Case Report: Takotsubo Cardiomyopathy in Bickerstaff Brainstem Encephalitis Triggered by COVID-19

Takotsubo cardiomyopathy (TCM) is a stress-induced cardiomyopathy triggered by critical illness including severe neurological disorders. However, an association between TCM and Bickerstaff brainstem encephalitis (BBE) has rarely been described.

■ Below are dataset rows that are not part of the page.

theory Submission
  imports Defs
begin

text \<open>All words K n are prefixes of one infinite word whose j-th letter depends only on the
  4-adic shape of j: writing j = 4^a r with 4 not dividing r, the letter is P when a = 0 and r
  is odd, T or V (according to the parity of a) when a > 0 and r is odd, and S or U (according
  to the parity of a and to r mod 8) when r is twice an odd number. This description is
  invariant under adding multiples of 2 4^i to positions below 2 4^i, so it reproduces the
  recursion, in which K (i + 3) is four copies of K (i + 2) glued by the letters sitting at
  positions 2 4^i, 4 4^i and 6 4^i. The position formulas of the theorem parametrise these
  shapes, and the letter counts follow from the recursion alone.\<close>

fun lift4 :: "letter \<Rightarrow> letter" where
  "lift4 P = T"
| "lift4 T = V"
| "lift4 V = T"
| "lift4 S = U"
| "lift4 U = S"

text \<open>The j-th letter (counting from 1) of the infinite word; the value at 0 is junk.\<close>

fun letter_at :: "nat \<Rightarrow> letter" where
  "letter_at j =
     (if j = 0 \<or> odd j then P
      else if j mod 4 = 2 then (if j mod 8 = 2 then S else U)
      else lift4 (letter_at (j div 4)))"

declare letter_at.simps[simp del]

lemma letter_at_0: "letter_at 0 = P"
  by (simp add: letter_at.simps)

lemma letter_at_odd: "odd j \<Longrightarrow> letter_at j = P"
  by (simp add: letter_at.simps)

lemma letter_at_mult_4: "0 < j \<Longrightarrow> letter_at (4 * j) = lift4 (letter_at j)"
  by (subst letter_at.simps) simp

lemma letter_at_pow4_Suc_mult:
  assumes "0 < r"
  shows "letter_at (4 ^ Suc a * r) = lift4 (letter_at (4 ^ a * r))"
  using letter_at_mult_4[of "4 ^ a * r"] assms by (simp add: mult.assoc)

lemma letter_at_pow4_mult_odd:
  assumes "odd r"
  shows "letter_at (4 ^ a * r) = (if a = 0 then P else if odd a then T else V)"
proof (induction a)
  case 0 then show ?case using assms by (simp add: letter_at_odd)
next
  case (Suc a)
  then show ?case using letter_at_pow4_Suc_mult[of r a] assms by (simp add: odd_pos)
qed

lemma letter_at_pow4_mult_even:
  assumes "r mod 8 = 2 \<or> r mod 8 = 6"
  shows "letter_at (4 ^ a * r) = (if (r mod 8 = 2) = even a then S else U)"
proof (induction a)
  case 0
  have "r mod 4 = 2" "even r" "r \<noteq> 0" using assms by presburger+
  then show ?case by (simp add: letter_at.simps)
next
  case (Suc a)
  have "0 < r" using assms by (intro gr0I) auto
  with Suc show ?case using letter_at_pow4_Suc_mult[of r a] by auto
qed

During the current coronavirus disease 2019 (COVID-19) pandemic, growing evidence indicates that COVID-19 often leads to various neurological disorders, but there are few reports of an association between COVID-19 and BBE. Here we report a case of TCM associated with BBE triggered by COVID-19, which subsided with immunotherapy for BBE. Both transthoracic echocardiography and electrocardiography led to early and accurate diagnosis of TCM. Sustained hemodynamic instability due to TCM was immediately lessened with immunotherapy whereas additional plasmapheresis and immunotherapy were required to treat BBE. This case indicates that BBE might follow COVID-19 and TCM should be considered when hemodynamic status remains unstable in a patient with BBE.

Introduction

Coronavirus disease 2019 (COVID-19), which is caused by severe acute respiratory syndrome coronavirus-2 (SARS-CoV-2), often leads to various neurological disorders such as ischemic stroke, encephalomyelitis, necrotizing myositis, and Guillain-Barré syndrome (GBS) (1–3). A proposed mechanism for the neurological complications of COVID-19 is direct SARS-CoV-2 invasion of neural cells such as neurons, glial cells, and vascular endothelial cells through angiotensin converting enzyme 2 receptor (4). The mechanism of neurological autoimmunity associated with COVID-19 remains uncertain.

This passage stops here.